В свете этих примеров пояс лазарского костюма можно считать не просто предметом апотропеического характера, но и атрибутом, защищающим от змея. Чтобы подкрепить этот, пока еще слабо аргументированный вывод, вернемся опять к лазарскому обряду.

Важная составная часть обряда – кумление. Оно происходило уже в Вербное воскресение: «Накануне Вербного воскресения лазарки ночуют в доме какой-либо пожилой женщины или своей предводительницы (кумицы). Каждая из них приходит с испеченным ею обрядовым хлебцем особой формы (кукла), который играет важную роль в обряде[Курсив наш. – Н. К.]. Рано утром кумица ведет девушек к реке (ручью). Здесь каждая девушка отламывает от куклы кусочек, кладет его на дощечку и пускает на воду. Та, у которой дощечка с хлебом окажется впереди всех, становится новой кумицей». Девушки после совершения обряда с хлебом «говеют» до Пасхи (не заговаривают первыми с кумицей). В первый день Пасхи они с хлебом и крашеными яйцами шли «отговеть» перед кумицей, т. е. попросить у нее прощения. Та угощает их особым кушанием, приготовленным из кукол. «После кумления на реке лазарки считаются уже девушками. В первый день Пасхи они впервые надевают девичью одежду, приготовленную как раз для этого случая» [Колева. С. 78–79]. В описаниях Р. Ангеловой [Ангелова] и более позднем – в сборнике «Пирински край» [Пир. кр. С. 442] при кумлении вместо хлеба по воде пускали веночки из вербы.
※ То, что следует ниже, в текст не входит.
lemma sums_poch_quot_sum_dsum:
  fixes a b c :: complex
  assumes b: "b + 1 \<notin> \<int>\<^sub>\<le>\<^sub>0" and c: "1 < cmod (c + 1)"
  shows "(\<lambda>k. poch_quot_sum n b (a + of_nat k) * (1 / (c + 1)) ^ k)
      sums ((c + 1) / c * dsum n a b c / (of_nat n + b + 1))"
proof -
  define z where "z = 1 / (c + 1)"
  define d where "d = of_nat n + b + 1"
  have "d \<noteq> 0" unfolding d_def using plus_of_nat_neq_0[OF b, of n] by (simp add: add_ac)
  have S: "(\<lambda>k. \<Sum>j=0..n. 1 / ((of_nat n + b) gchoose j) * (((of_nat n + a + 1 + of_nat k) gchoose j) * z ^ k))
      sums (\<Sum>j=0..n. 1 / ((of_nat n + b) gchoose j)
              * ((c + 1) / c * (\<Sum>i=0..j. ((of_nat n + a + 1) gchoose i) * c powi (int i - int j))))"
    unfolding z_def by (intro sums_sum sums_mult sums_gchoose_plus_of_nat_power c)
  have "(\<Sum>j=0..n. 1 / ((of_nat n + b) gchoose j) * (((of_nat n + a + 1 + of_nat k) gchoose j) * z ^ k))
      = (\<Sum>j=0..n. (((a + of_nat k) + of_nat n + 1) gchoose j) / ((of_nat n + b) gchoose j)) * z ^ k" for k
    by (simp add: sum_distrib_right add_ac)
  also have "\<dots> k = d * (poch_quot_sum n b (a + of_nat k) * z ^ k)" for k
    unfolding sum_gchoose_div_gchoose[OF b] d_def by simp
  moreover have "(\<Sum>j=0..n. 1 / ((of_nat n + b) gchoose j)
              * ((c + 1) / c * (\<Sum>i=0..j. ((of_nat n + a + 1) gchoose i) * c powi (int i - int j))))
      = (c + 1) / c * dsum n a b c"
    unfolding dsum_def by (simp add: sum_distrib_left mult_ac)
  ultimately have "(\<lambda>k. d * (poch_quot_sum n b (a + of_nat k) * z ^ k)) sums (d * ((c + 1) / c * dsum n a b c / d))"
    using S \<open>d \<noteq> 0\<close> by simp
  then show ?thesis
    unfolding sums_mult_iff[OF \<open>d \<noteq> 0\<close>] by (simp add: z_def d_def)
qed
text \<open>
  Uniqueness: for two solutions \<open>X\<close>, \<open>Y\<close>, Assumption 2.1 yields a one-sided Lipschitz bound
  on every ball (for nearby points by hypothesis, for distant ones by boundedness of \<open>b\<close> and
  \<open>\<sigma>\<close>), so \<open>|X - Y|\<^sup>2\<close> satisfies a linear Gronwall inequality with rate \<open>L + |h|\<^sup>2\<close> and vanishes.

  Existence: along any solution the Lyapunov function of Assumption 2.2 satisfies
  \<open>\<langle>\<nabla>V, b + \<sigma> h\<rangle> \<le> K (1 + |h|\<^sup>2) (1 + V)\<close>, so by Gronwall \<open>1 + V(X)\<close> stays below
  \<open>(1 + V x) exp (K \<integral>(1 + |h|\<^sup>2))\<close>, and coercivity of \<open>V\<close> confines \<open>X\<close> to a ball of radius \<open>R\<close>.
  Hence it suffices to solve the equation with \<open>b\<close>, \<open>\<sigma>\<close> truncated outside a larger ball: with
  bounded continuous coefficients a solution is the limit of a subsequence of Euler polygons
  (Arzela-Ascoli for the polygons, dominated convergence for the integrals), and it never
  leaves the ball, where the truncation is invisible.
\<close>

lemma norm_matrix_vector_mult_le:
  fixes A :: "real^'m^'d" and v :: "real^'m"
  shows "norm (A *v v) \<le> norm A * norm v"
proof -
  have "(A *v v) $ i = (A $ i) \<bullet> v" for i
    by (simp add: matrix_vector_mult_def inner_vec_def mult.commute)
  then have "(norm (A *v v))\<^sup>2 = (\<Sum>i\<in>UNIV. ((A $ i) \<bullet> v)\<^sup>2)"
    by (simp add: norm_vec_def L2_set_def sum_nonneg)
  also have "\<dots> \<le> (\<Sum>i\<in>UNIV. (norm (A $ i))\<^sup>2 * (norm v)\<^sup>2)"
  proof (intro sum_mono)
    fix i
    have "\<bar>(A $ i) \<bullet> v\<bar>\<^sup>2 \<le> (norm (A $ i) * norm v)\<^sup>2"
      by (intro power_mono Cauchy_Schwarz_ineq2) auto
    then show "((A $ i) \<bullet> v)\<^sup>2 \<le> (norm (A $ i))\<^sup>2 * (norm v)\<^sup>2"
      by (simp add: power_mult_distrib)
  qed
  also have "\<dots> = (norm A * norm v)\<^sup>2"
    by (simp add: norm_vec_def L2_set_def power_mult_distrib sum_distrib_right sum_nonneg)
  finally show ?thesis
    by (meson norm_ge_zero power2_le_imp_le zero_le_mult_iff)
qed
(* Consider the two-type economy with abundant machines. 1. Fix a type $k\in\{A,B\}$ with knowledge $\boldsymbol h^k=(h^k_1,h^k_2)$. If $F(1,h^k_2)\ge F(h^k_1,1)$, let $\boldsymbol v^k=(1,0)$ and $\Delta_k=F(1,h^k_2)/c-1+c\,(1-F(\boldsymbol h^k))$; otherwise let $\boldsymbol v^k=(0,1)$ and $\Delta_k=F(h^k_1,1)/c-1+c\,(1-F(\boldsymbol h^k))$. If $\Delta_k\ge0$, then the type-$k$ equilibrium wage is maximized over $\boldsymbol m\in[0,1]^2$ at $\boldsymbol m=\boldsymbol v^k$ (AI as poor as possible in the dimension where type $k$ is strongest and as good as possible in the other); if $\Delta_k<0$, it is maximized at $\boldsymbol m=(1,1)$. Here "maximized at $\boldsymbol m_0$" means: for every $\boldsymbol m\in[0,1]^2$, every equilibrium at $\boldsymbol m$ and every equilibrium at $\boldsymbol m_0$, the type-$k$ wage at $\boldsymbol m$ is at most the type-$k$ wage at $\boldsymbol m_0$. 2. The machine knowledge maximizing total labor income $w^*=\phi^Aw^A+\phi^Bw^B$ need not be a vertex of $[0,1]^2$: there exist parameters $(F,c,\phi^A,\boldsymbol h^A,\boldsymbol h^B)$ of the two-type economy for which no vertex of $[0,1]^2$ maximizes $w^*$ over $[0,1]^2$.
   Context: Two-type economy. Fix a cumulative distribution function $F$ on $[0,1]^2$ with a density $f$ that has full support on $[0,1]^2$ and $c\in(0,1)$. There is a mass $\phi^A\in(0,1)$ of type-$A$ humans with knowledge $\boldsymbol h^A\in(0,1)^2$, a mass $\phi^B=1-\phi^A$ of type-$B$ humans with knowledge $\boldsymbol h^B\in(0,1)^2$, and a mass $\mu>0$ of machines with knowledge $\boldsymbol m\in[0,1]^2$; every agent has one unit of time. Write $\boldsymbol x\vee\boldsymbol y$ for the componentwise maximum and, for $F(\boldsymbol x)<1$, $n(\boldsymbol x)=\frac1{c(1-F(\boldsymbol x))}$. Given wages $w^A,w^B\ge0$ and rental $r\ge0$, the firm types and profits are: single-layer non-automated of type $k$ (one type-$k$ human) $F(\boldsymbol h^k)-w^k$; single-layer automated $F(\boldsymbol m)-r$; bottom-automated of type $k$ (one type-$k$ solver, $n(\boldsymbol m)$ machine workers; available when $F(\boldsymbol m)<1$) $n(\boldsymbol m)[F(\boldsymbol m\vee\boldsymbol h^k)-r]-w^k$; top-automated of type $k$ (one machine solver, $n(\boldsymbol h^k)$ type-$k$ workers) $n(\boldsymbol h^k)[F(\boldsymbol m\vee\boldsymbol h^k)-w^k]-r$; $BA$ firm (one type-$B$ solver, $n(\boldsymbol h^A)$ type-$A$ workers) $n(\boldsymbol h^A)[F(\boldsymbol h^A\vee\boldsymbol h^B)-w^A]-w^B$; $AB$ firm (one type-$A$ solver, $n(\boldsymbol h^B)$ type-$B$ workers) $n(\boldsymbol h^B)[F(\boldsymbol h^A\vee\boldsymbol h^B)-w^B]-w^A$. A feasible allocation assigns nonnegative masses of type-$A$ humans, type-$B$ humans and machines to these firm types, in the per-firm proportions just listed, so that all humans of each type and all machines are employed. An equilibrium is a feasible allocation with prices $(w^A,w^B,r)\ge0$ such that all firm types have nonpositive profit and types used with positive mass earn zero profit. Abundance: $\mu>\max_{k\in\{A,B\}}\max\Big\{\frac1{c(1-F(1,h^k_2))},\frac1{c(1-F(h^k_1,1))}\Big\}$. Total labor income $w^*=\phi^Aw^A+\phi^Bw^B$ is the same in every equilibrium at a given $\boldsymbol m$. *)

theory Defs
  imports "HOL-Analysis.Analysis"
begin
lemma is_interp_basis_iff:
  "is_interp_basis E J P \<longleftrightarrow> P \<in> carrier_mat (dim_row E) (dim_row E) \<and>
     (\<forall>i < dim_row P. is_interpolant E J (row P i)) \<and>
     (\<forall>p. is_interpolant E J p \<longrightarrow> (\<exists>c. dim_vec c = dim_row P \<and> p = row_comb c P)) \<and>
     (\<forall>c. dim_vec c = dim_row P \<longrightarrow> row_comb c P = 0\<^sub>v (dim_col P) \<longrightarrow> c = 0\<^sub>v (dim_row P))"
  unfolding is_interp_basis_def row_comb_def by simp

lemma act_index:
  "k < dim_col J \<Longrightarrow>
    act p E J $ k = (\<Sum>i<dim_row E. \<Sum>l<dim_col E. E $$ (i,l) * poly_at_mat (p $ i) J $$ (l,k))"
  by (simp add: act_def act1_def)

lemma dim_act [simp]: "dim_vec (act p E J) = dim_col J"
  by (simp add: act_def)

lemma dim_act_mat [simp]: "dim_row (act_mat P E J) = dim_row P" "dim_col (act_mat P E J) = dim_col J"
  by (auto simp: act_mat_def)
(* Let $Q$ be a quantale, $M$ a shrinkable $Q$-module and $\mathcal{F},\mathcal{G}\in\operatorname{mF}(Q)$. For $a,b\in M$ and $n,m\in\mathbb{N}$ (with $n,m\ge1$), if $a\preceq^n_\mathcal{F}b$ and $a\preceq^m_\mathcal{G}b$, then $a\preceq^{n+m-1}_{\mathcal{F}\cap\mathcal{G}}b$.
   Context: A quantale is a poset $Q$ in which every nonempty subset has a join $\sum$ (binary join $a+b$; no bottom required), with top $1$ and a commutative associative multiplication with unit $1$ distributing over nonempty joins. A $Q$-module is a poset $M$ with all nonempty joins and an associative unital action $Q\times M\to M$ distributing over nonempty joins in each variable. A multiplicative filter (m-filter) is a subset $\mathcal{F}\subseteq Q$ containing $1$, upward closed and closed under multiplication; $\operatorname{mF}(Q)$ is the set of m-filters. For $x,x_i$ write $x\le^*\sum_{i\in I}x_i$ if $x\le\sum_{i\in I_0}x_i$ for some finite nonempty $I_0\subseteq I$. $M$ is shrinkable if whenever $x\le\sum_{i\in I}x_i$ in $M$ there is a family $(y_j)_{j\in J}$ with $x=\sum_jy_j$ and $y_j\le^*\sum_ix_i$ for all $j$. For $a,b\in M$, $a\preceq^1_\mathcal{F}b$ means there are families $(a_i)_{i\in I}$ in $M$ and $(s_i)_{i\in I}$ in $\mathcal{F}$ with $a\le\sum_ia_i$ and $s_ia_i\le b$ for all $i$; $a\preceq^n_\mathcal{F}b$ ($n\ge1$) means there exist $c_1,\dots,c_{n-1}\in M$ with $a\preceq^1_\mathcal{F}c_1\preceq^1_\mathcal{F}\cdots\preceq^1_\mathcal{F}c_{n-1}\preceq^1_\mathcal{F}b$. *)

theory Defs
  imports Main
begin

definition is_lub :: "'a::order set \<Rightarrow> 'a \<Rightarrow> bool" where
  "is_lub A x \<longleftrightarrow> (\<forall>y\<in>A. y \<le> x) \<and> (\<forall>z. (\<forall>y\<in>A. y \<le> z) \<longrightarrow> x \<le> z)"

definition ne_joins :: "'a::order itself \<Rightarrow> bool" where
  "ne_joins (_::'a itself) \<longleftrightarrow> (\<forall>A::'a set. A \<noteq> {} \<longrightarrow> (\<exists>x. is_lub A x))"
Таким образом, кумление состояло по сути в выборе путем своеобразного «жребия» кумицы (кумы), которая выводила девушек с реки; но совместное участие в этой «жеребьевке», а также дальнейшая обрядовая трапеза делают лазарок кумами по отношению к кумице и друг к другу.

Существует очень интересное древнее болгарское поверье о том, что«девушек, которые лазаровались и кумились, не сможет похитить змей» [КОО 1977. С. 286; Марин. НВ 1914. С. 403; Петров. С. 382]. Колева объясняла это поверье тем, что участвовавший в лазаровании мужской персонаж (буенек, кум) предохраняет посвящаемых (лазарок) от влияния злых сил, к которым она отнесла и огненного змея [КОО. С. 286]. Однако такое объяснение не дает ответа на вопрос, почему девушки оказываются защищенными от змея не только во время самого обряда, а и в течение всего весеннее-летнего периода (а особенно, видимо, во время своих игр в хороводах, которые как раз с этого периода активно начинают играть (см раздел «Сидит наш Яша на золотом стуле»). Агапкина поставила это поверье в один ряд с сербским: если девушка не участвует в лазарских обходах, она будет на «том свете» жабам воду носить [Ђор. ЖОЛМ. С. 382; Агапкина. Календарь. С. 653]. Нам кажется, что это факты разного уровня.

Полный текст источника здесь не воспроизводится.